Still, Warren added, the regulator needs to “use the full force of its regulatory powers across the entirety of the crypto market."
The remarks echo Warren’s November op-ed, in which she said the regulator has failed to wield its authority over the growing crypto industry.
“[P]ower is worthless if the cop on the beat won’t use it,” she wrote. “The SEC has brought some enforcement actions related to fraudulent and unregistered crypto offerings over the past few years, but it has fallen far behind as the crypto industry has drawn in millions of new investors.”
The responsibility to fight crypto-related fraud shouldn’t fall solely on the SEC, Warren said Wednesday, adding the sector was allowed unchecked growth under Trump-era regulators.
“Gensler faced a critical task to put the genie back in the bottle and bring the crypto ecosystem into regulatory compliance after Trump's regulators had allowed it to explode,” Warren said. “The consequences of Trump’s regulators’ weakness were no surprise — by 2017, nearly 80% of all initial coin offerings [were] scams.

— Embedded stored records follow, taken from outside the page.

lemma norm_bernstein_poly_centered_power_minus_scaled_le:
  fixes c \<epsilon> q :: real
  assumes N: "N \<ge> 1" and c: "0 \<le> c" "c \<le> 1 - \<epsilon>" and q: "1 - \<epsilon> - c \<le> q" "c \<le> q"
    and z: "norm (of_real (1 - \<epsilon>) * z - of_real c) \<le> q"
  shows "norm (bernstein_poly (\<lambda>w. (w - of_real c) ^ k) \<epsilon> N z - (of_real (1 - \<epsilon>) * z - of_real c) ^ k)
    \<le> 2 * q ^ k * (1 - real (falling_fact N k) / real N ^ k)"
proof -
  define u where "u = (1 - \<epsilon> - c) / real N"
  define v where "v = - c / real N"
  let ?m = "two_point_moment z (of_real u) (of_real v)"
  have "real N > 0" using N by simp
  have first: "?m 1 = (of_real (1 - \<epsilon>) * z - of_real c) / of_nat N"
    using \<open>real N > 0\<close> by (simp add: two_point_moment_def u_def v_def field_simps)
  have "u * v \<le> 0" "\<bar>u\<bar> \<le> q / real N" "\<bar>v\<bar> \<le> q / real N"
    using c q \<open>real N > 0\<close> by (auto simp: u_def v_def mult_le_0_iff divide_right_mono)
  moreover have "norm (?m 1) \<le> q / real N"
    unfolding first norm_divide norm_of_nat by (intro divide_right_mono z) simp
  ultimately have "norm (?m i) \<le> (q / real N) ^ i" for i
    by (rule norm_two_point_moment_le)
  moreover have "0 \<le> q / real N" using c q by simp
  moreover have "of_nat N * ?m 1 = of_real (1 - \<epsilon>) * z - of_real c"
    unfolding first using \<open>real N > 0\<close> by simp
  ultimately have "norm (bernstein_moment z (of_real u) (of_real v) N k - (of_real (1 - \<epsilon>) * z - of_real c) ^ k)
      \<le> 2 * (q / real N) ^ k * (real N ^ k - real (falling_fact N k))"
    using norm_bernstein_moment_minus_power_le[of z "of_real u" "of_real v" "q / real N" N k] by simp
  also have "\<dots> = 2 * q ^ k * (1 - real (falling_fact N k) / real N ^ k)"
    using \<open>real N > 0\<close> by (simp add: power_divide field_simps)
  finally show ?thesis
    unfolding bernstein_poly_centered_power_eq_moment[OF N] u_def v_def .
qed

lemma norm_power_diff_le:
  fixes x y :: "'a::real_normed_field"
  assumes "norm y \<le> q"
  shows "norm (x ^ k - y ^ k) \<le> (q + norm (x - y)) ^ k - q ^ k"
proof (induction k)
  case 0
  then show ?case by simp
next
  case (Suc k)
  have x: "norm x \<le> q + norm (x - y)"
    using assms norm_triangle_ineq[of y "x - y"] by simp
  have "0 \<le> q + norm (x - y)"
    using assms norm_ge_zero[of y] norm_ge_zero[of "x - y"] by linarith
  have "norm (x ^ Suc k - y ^ Suc k) = norm (x * (x ^ k - y ^ k) + (x - y) * y ^ k)"
    by (simp add: algebra_simps)
  also have "\<dots> \<le> norm x * norm (x ^ k - y ^ k) + norm (x - y) * norm y ^ k"
    by (metis norm_mult norm_power norm_triangle_ineq)
  also have "\<dots> \<le> (q + norm (x - y)) * ((q + norm (x - y)) ^ k - q ^ k) + norm (x - y) * q ^ k"
    using Suc.IH x assms \<open>0 \<le> q + norm (x - y)\<close>
    by (intro add_mono mult_mono mult_left_mono power_mono) auto
  also have "\<dots> = (q + norm (x - y)) ^ Suc k - q ^ Suc k"
    by (simp add: algebra_simps)
  finally show ?case .
qed

lemma norm_bernstein_poly_centered_power_minus_le:
  fixes c \<epsilon> q \<delta> :: real
  assumes N: "N \<ge> 1" and c: "0 \<le> c" "c \<le> 1 - \<epsilon>" "0 \<le> \<epsilon>" and q: "1 - c \<le> q" "c \<le> q"
    and z: "\<epsilon> * norm z \<le> \<delta>" "norm (z - of_real c) + \<delta> \<le> q"
  shows "norm (bernstein_poly (\<lambda>w. (w - of_real c) ^ k) \<epsilon> N z - (z - of_real c) ^ k)
    \<le> 2 * q ^ k * (1 - real (falling_fact N k) / real N ^ k) + ((q + \<delta>) ^ k - q ^ k)"
proof -
  let ?x = "of_real (1 - \<epsilon>) * z - of_real c" and ?y = "z - of_real c"
  have shift: "norm (?x - ?y) \<le> \<delta>"
    using z c by (simp add: algebra_simps norm_mult)
  have "0 \<le> \<delta>"
    using z(1) c(3) by (meson mult_nonneg_nonneg norm_ge_zero order_trans)
  then have "norm ?y \<le> q"
    using z(2) by linarith
  have "norm ?x \<le> q"
    using norm_triangle_ineq[of ?y "?x - ?y"] shift z by simp
  have "(q + norm (?x - ?y)) ^ k \<le> (q + \<delta>) ^ k"
    using shift z(2) c(1) q(2) by (intro power_mono) auto
  then have "norm (?x ^ k - ?y ^ k) \<le> (q + \<delta>) ^ k - q ^ k"
    using norm_power_diff_le[OF \<open>norm ?y \<le> q\<close>, of ?x k] by simp
  moreover have "norm (bernstein_poly (\<lambda>w. (w - of_real c) ^ k) \<epsilon> N z - ?x ^ k)
      \<le> 2 * q ^ k * (1 - real (falling_fact N k) / real N ^ k)"
    using c q by (intro norm_bernstein_poly_centered_power_minus_scaled_le[OF N] \<open>norm ?x \<le> q\<close>) auto
  ultimately show ?thesis
    using norm_triangle_ineq[of "bernstein_poly (\<lambda>w. (w - of_real c) ^ k) \<epsilon> N z - ?x ^ k" "?x ^ k - ?y ^ k"]
    by simp
qed

section \<open>Convergence\<close>

lemma bernstein_poly_sums_power_series:
  fixes f :: "complex \<Rightarrow> complex"
  assumes series: "\<And>w. w \<in> S \<Longrightarrow> (\<lambda>k. a k * (w - w0) ^ k) sums f w"
    and nodes: "\<And>\<nu>. \<nu> \<le> N \<Longrightarrow> complex_of_real (real \<nu> * (1 - \<epsilon>) / real N) \<in> S"
  shows "(\<lambda>k. a k * bernstein_poly (\<lambda>w. (w - w0) ^ k) \<epsilon> N z) sums bernstein_poly f \<epsilon> N z"
proof -
  let ?b = "\<lambda>\<nu>. of_nat (N choose \<nu>) * z ^ \<nu> * (1 - z) ^ (N - \<nu>)"
    and ?node = "\<lambda>\<nu>. complex_of_real (real \<nu> * (1 - \<epsilon>) / real N)"
  have "(\<lambda>k. \<Sum>\<nu>=0..N. ?b \<nu> * (a k * (?node \<nu> - w0) ^ k)) sums (\<Sum>\<nu>=0..N. ?b \<nu> * f (?node \<nu>))"
    using series nodes by (intro sums_sum sums_mult) auto
  then show ?thesis
    unfolding bernstein_poly_def sum_distrib_left by (simp add: ac_simps)
qed

lemma norm_higher_deriv_div_fact_le:
  assumes holo: "f holomorphic_on ball \<xi> \<rho>" and r: "0 < r" "r < \<rho>"
    and M: "\<And>w. w \<in> sphere \<xi> r \<Longrightarrow> norm (f w) \<le> M"
  shows "norm ((deriv ^^ k) f \<xi> / fact k) \<le> M / r ^ k"
proof -
  have "cball \<xi> r \<subseteq> ball \<xi> \<rho>"
    using r by auto
  then have "norm ((deriv ^^ k) f \<xi>) \<le> fact k * M / r ^ k"
    using r M by (intro Cauchy_inequality holomorphic_on_subset[OF holo] continuous_on_subset[OF
        holomorphic_on_imp_continuous_on[OF holo]]) (auto simp: dist_norm)
  then show ?thesis
    by (simp add: norm_divide field_simps)
qed
(* Every second-order polynomial has a polynomial majorant.
   Context: Second-order polynomials are the smallest class of functions $P\colon\mathbb N^{\mathbb N}\times\mathbb N\to\mathbb N$ that contains all $(l,n)\mapsto p(n)$ for polynomials $p$ with natural-number coefficients, and is closed under pointwise sum, pointwise product, and $P\mapsto P^+$ with $P^+(l,n)=l(P(l,n))$. A polynomial tree is a finite rooted tree in which each node is labeled by a polynomial in $\mathbb N[X_0,\ldots,X_k]$, $k$ being the number of children of that node, with the children of each node linearly ordered. Recursively assign functions to nodes: a leaf labeled $t$ gets $(l,n)\mapsto t(n)$; a node labeled $t$ with children (in order) assigned $P_1,\ldots,P_k$ gets $(l,n)\mapsto t(n,l(P_1(l,n)),\ldots,l(P_k(l,n)))$. The tree is a description of $P$ if $P$ is assigned to the root. A pair $(N,p)$ with $N\in\mathbb N$ and $p\colon\mathbb N\to\mathbb N$ is a majorant of $P$ if $p(n)\ge n$ for all $n$ and there is a description $T$ of $P$ such that $N$ is the height of $T$ and for every $n\in\mathbb N$ and every node $t$ of $T$ (with $k$ children) $p(n)\ge t(n,\ldots,n)$ (all $k+1$ variables set to $n$). It is a polynomial majorant if $p$ is a polynomial. *)

theory Defs
  imports "HOL-Computational_Algebra.Polynomial"
begin

text \<open>Multivariate polynomials with natural-number coefficients, as syntactic
  expressions in the variables X_0, X_1, ...; every element of N[X_0,...,X_k]
  is denoted by some expression whose variables are among X_0..X_k.\<close>
datatype pexp = PConst nat | PVar nat | PAdd pexp pexp | PMul pexp pexp

fun peval :: "(nat \<Rightarrow> nat) \<Rightarrow> pexp \<Rightarrow> nat" where
  "peval v (PConst c) = c"
| "peval v (PVar i) = v i"
| "peval v (PAdd a b) = peval v a + peval v b"
| "peval v (PMul a b) = peval v a * peval v b"

fun pvars :: "pexp \<Rightarrow> nat set" where
  "pvars (PConst c) = {}"
| "pvars (PVar i) = {i}"
| "pvars (PAdd a b) = pvars a \<union> pvars b"
| "pvars (PMul a b) = pvars a \<union> pvars b"

datatype ptree = Node pexp "ptree list"

fun wf_ptree :: "ptree \<Rightarrow> bool" where
  "wf_ptree (Node t ts) = (pvars t \<subseteq> {0..length ts} \<and> (\<forall>c\<in>set ts. wf_ptree c))"

fun labels :: "ptree \<Rightarrow> pexp set" where
  "labels (Node t ts) = insert t (\<Union>c\<in>set ts. labels c)"

fun height :: "ptree \<Rightarrow> nat" where
  "height (Node t ts) = (if ts = [] then 0 else Suc (Max (set (map height ts))))"

text \<open>Valuation n, y_1, ..., y_k of the variables X_0, X_1, ..., X_k.\<close>
definition env :: "nat \<Rightarrow> nat list \<Rightarrow> nat \<Rightarrow> nat" where
  "env n ys i = (if i = 0 then n else ys ! (i - 1))"

fun tfun :: "ptree \<Rightarrow> (nat \<Rightarrow> nat) \<Rightarrow> nat \<Rightarrow> nat" where
  "tfun (Node t ts) l n = peval (env n (map (\<lambda>c. l (tfun c l n)) ts)) t"

definition description :: "ptree \<Rightarrow> ((nat \<Rightarrow> nat) \<Rightarrow> nat \<Rightarrow> nat) \<Rightarrow> bool" where
  "description T P \<longleftrightarrow> wf_ptree T \<and> tfun T = P"

inductive_set sopoly :: "((nat \<Rightarrow> nat) \<Rightarrow> nat \<Rightarrow> nat) set" where
  poly: "(\<lambda>l n. poly (p :: nat poly) n) \<in> sopoly"
| add: "P \<in> sopoly \<Longrightarrow> Q \<in> sopoly \<Longrightarrow> (\<lambda>l n. P l n + Q l n) \<in> sopoly"
| mult: "P \<in> sopoly \<Longrightarrow> Q \<in> sopoly \<Longrightarrow> (\<lambda>l n. P l n * Q l n) \<in> sopoly"
| plus: "P \<in> sopoly \<Longrightarrow> (\<lambda>l n. l (P l n)) \<in> sopoly"

definition majorant :: "nat \<Rightarrow> (nat \<Rightarrow> nat) \<Rightarrow> ((nat \<Rightarrow> nat) \<Rightarrow> nat \<Rightarrow> nat) \<Rightarrow> bool" where
  "majorant N p P \<longleftrightarrow> (\<forall>n. n \<le> p n) \<and>
     (\<exists>T. description T P \<and> height T = N \<and>
          (\<forall>n. \<forall>t\<in>labels T. peval (\<lambda>_. n) t \<le> p n))"

definition poly_majorant :: "nat \<Rightarrow> (nat \<Rightarrow> nat) \<Rightarrow> ((nat \<Rightarrow> nat) \<Rightarrow> nat \<Rightarrow> nat) \<Rightarrow> bool" where
  "poly_majorant N p P \<longleftrightarrow> majorant N p P \<and> (\<exists>q :: nat poly. p = poly q)"

end

theory Submission
  imports Defs
begin

text \<open>By induction on the formation of a second-order polynomial one builds a description:
  a polynomial p is a single leaf, P^+ puts the description of P below a root labelled X_1,
  and a sum or product joins the children of the two roots into one list, renaming the
  variables of the second root label past those of the first. The labels of the resulting
  finite tree evaluated on the diagonal are polynomials in n, and their sum plus n is a
  polynomial majorant.\<close>

fun pexp_of_coeffs :: "nat list \<Rightarrow> pexp" where
  "pexp_of_coeffs [] = PConst 0"
| "pexp_of_coeffs (c # cs) = PAdd (PConst c) (PMul (PVar 0) (pexp_of_coeffs cs))"

lemma peval_pexp_of_coeffs: "peval v (pexp_of_coeffs cs) = foldr (\<lambda>a b. a + v 0 * b) cs 0"
  by (induction cs) auto

lemma pvars_pexp_of_coeffs: "pvars (pexp_of_coeffs cs) \<subseteq> {0}"
  by (induction cs) auto

lemma poly_eq_foldr_coeffs: "poly p x = foldr (\<lambda>a b. a + x * b) (coeffs p) 0"
  by (simp add: poly_def horner_sum_foldr)

fun pshift :: "nat \<Rightarrow> pexp \<Rightarrow> pexp" where
  "pshift k (PConst c) = PConst c"
| "pshift k (PVar i) = PVar (if i = 0 then 0 else i + k)"
| "pshift k (PAdd a b) = PAdd (pshift k a) (pshift k b)"
| "pshift k (PMul a b) = PMul (pshift k a) (pshift k b)"

lemma pvars_pshift: "pvars (pshift k t) = (\<lambda>i. if i = 0 then 0 else i + k) ` pvars t"
  by (induction t) auto

lemma peval_pshift: "peval v (pshift k t) = peval (\<lambda>i. v (if i = 0 then 0 else i + k)) t"
  by (induction t) auto

lemma peval_cong: "(\<And>i. i \<in> pvars t \<Longrightarrow> v i = w i) \<Longrightarrow> peval v t = peval w t"
  by (induction t) auto

lemma peval_env_append_left:
  assumes "pvars t \<subseteq> {0..length ys}"
  shows "peval (env n (ys @ zs)) t = peval (env n ys) t"
proof (rule peval_cong)
  fix i assume "i \<in> pvars t"
  with assms have "i \<le> length ys" by auto
  then show "env n (ys @ zs) i = env n ys i"
    by (auto simp: env_def nth_append)
qed

lemma peval_env_append_right:
  assumes "pvars t \<subseteq> {0..length zs}" "k = length ys"
  shows "peval (env n (ys @ zs)) (pshift k t) = peval (env n zs) t"
  unfolding peval_pshift \<open>k = length ys\<close>
proof (rule peval_cong)
  fix i assume "i \<in> pvars t"
  with assms have "i \<le> length zs" by auto
  then show "env n (ys @ zs) (if i = 0 then 0 else i + length ys) = env n zs i"
    by (auto simp: env_def nth_append)
qed

lemma description_merge:
  assumes P: "description (Node t ts) P" and Q: "description (Node u us) Q"
    and eval_F: "\<And>v a b. peval v (F a b) = g (peval v a) (peval v b)"
    and pvars_F: "\<And>a b. pvars (F a b) = pvars a \<union> pvars b"
  shows "description (Node (F t (pshift (length ts) u)) (ts @ us)) (\<lambda>l n. g (P l n) (Q l n))"
proof -
  have "pvars (pshift (length ts) u) \<subseteq> {0..length ts + length us}"
    using Q unfolding description_def pvars_pshift by auto
  then show ?thesis
    using P Q unfolding description_def
    by (auto simp: fun_eq_iff eval_F pvars_F peval_env_append_left peval_env_append_right)
qed

lemma sopoly_has_description: "P \<in> sopoly \<Longrightarrow> \<exists>T. description T P"
proof (induction rule: sopoly.induct)
  case (poly p)
  have "description (Node (pexp_of_coeffs (coeffs p)) []) (\<lambda>l n. poly p n)"
    unfolding description_def using pvars_pexp_of_coeffs[of "coeffs p"]
    by (auto simp: peval_pexp_of_coeffs poly_eq_foldr_coeffs env_def fun_eq_iff)
  then show ?case by blast
next
  case (add P Q)
  then obtain t ts u us where "description (Node t ts) P" "description (Node u us) Q"
    by (metis ptree.exhaust)
  from description_merge[OF this, where F = PAdd and g = "(+)"] show ?case by auto
next
  case (mult P Q)
  then obtain t ts u us where "description (Node t ts) P" "description (Node u us) Q"
    by (metis ptree.exhaust)
  from description_merge[OF this, where F = PMul and g = "(*)"] show ?case by auto
next
  case (plus P)
  then obtain T where "description T P" by blast
  then have "description (Node (PVar 1) [T]) (\<lambda>l n. l (P l n))"
    unfolding description_def by (auto simp: fun_eq_iff env_def)
  then show ?case by blast
qed

lemma finite_labels: "finite (labels T)"
  by (induction T) auto

lemma peval_diagonal_poly: "\<exists>q :: nat poly. (\<lambda>n. peval (\<lambda>_. n) e) = poly q"
proof (induction e)
  case (PConst c) show ?case by (intro exI[of _ "[:c:]"]) auto
next
  case (PVar i) show ?case by (intro exI[of _ "[:0, 1:]"]) auto
next
  case (PAdd a b)
  then obtain qa qb where "(\<lambda>n. peval (\<lambda>_. n) a) = poly qa" "(\<lambda>n. peval (\<lambda>_. n) b) = poly qb"
    by blast
  then show ?case by (intro exI[of _ "qa + qb"]) (auto simp: fun_eq_iff)
next
  case (PMul a b)
  then obtain qa qb where "(\<lambda>n. peval (\<lambda>_. n) a) = poly qa" "(\<lambda>n. peval (\<lambda>_. n) b) = poly qb"
    by blast
  then show ?case by (intro exI[of _ "qa * qb"]) (auto simp: fun_eq_iff)
qed

lemma finite_polys_bounded:
  assumes "finite F" "\<And>f. f \<in> F \<Longrightarrow> \<exists>q :: nat poly. f = poly q"
  shows "\<exists>q :: nat poly. \<forall>n. n \<le> poly q n \<and> (\<forall>f\<in>F. f n \<le> poly q n)"
  using assms
proof (induction F rule: finite_induct)
  case empty show ?case by (intro exI[of _ "[:0, 1:]"]) auto
next
  case (insert f F)
  then obtain q where "\<forall>n. n \<le> poly q n \<and> (\<forall>f\<in>F. f n \<le> poly q n)" by blast
  moreover obtain qf where "f = poly qf" using insert.prems by blast
  ultimately show ?case by (intro exI[of _ "q + qf"]) (auto intro: trans_le_add1)
qed

theorem mainTheorem4:
  assumes "P \<in> sopoly"
  shows "\<exists>N p. poly_majorant N p P"
proof -
  obtain T where T: "description T P" using sopoly_has_description[OF assms] by blast
  have "\<exists>q :: nat poly. \<forall>n. n \<le> poly q n \<and>
      (\<forall>f\<in>(\<lambda>t n. peval (\<lambda>_. n) t) ` labels T. f n \<le> poly q n)"
    using finite_labels peval_diagonal_poly by (intro finite_polys_bounded) auto
  then obtain q :: "nat poly"
    where "\<forall>n. n \<le> poly q n \<and> (\<forall>t\<in>labels T. peval (\<lambda>_. n) t \<le> poly q n)" by auto
  with T have "poly_majorant (height T) (poly q) P"
    unfolding poly_majorant_def majorant_def by blast
  then show ?thesis by blast
qed

end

The following year, investors lost about $9 million each day to crypto scams."
Warren called on banking regulators to step up oversight of the space, referencing crypto-heavy bank Silvergate, which was forced this month to sell assets at a loss to cover roughly $8.1 billion in withdrawals after the collapse of crypto exchange FTX triggered a bank run.
“Our banking regulators are also part of this fight," she said. "Already, crypto-friendly banks like Silvergate have opened the banking system up to greater risk, raising the specter of a crypto collapse in which American taxpayers are left holding the bag."
Warren also called on Congress to provide the SEC with the resources needed to ensure it can regulate the crypto market.
"In the pockets of this market where regulators may not have the authority they need, Congress should give the tools to get the job done," she said. "We can see the risks to financial stability, but in the dark recesses of the crypto world, the threat to our national security is growing.”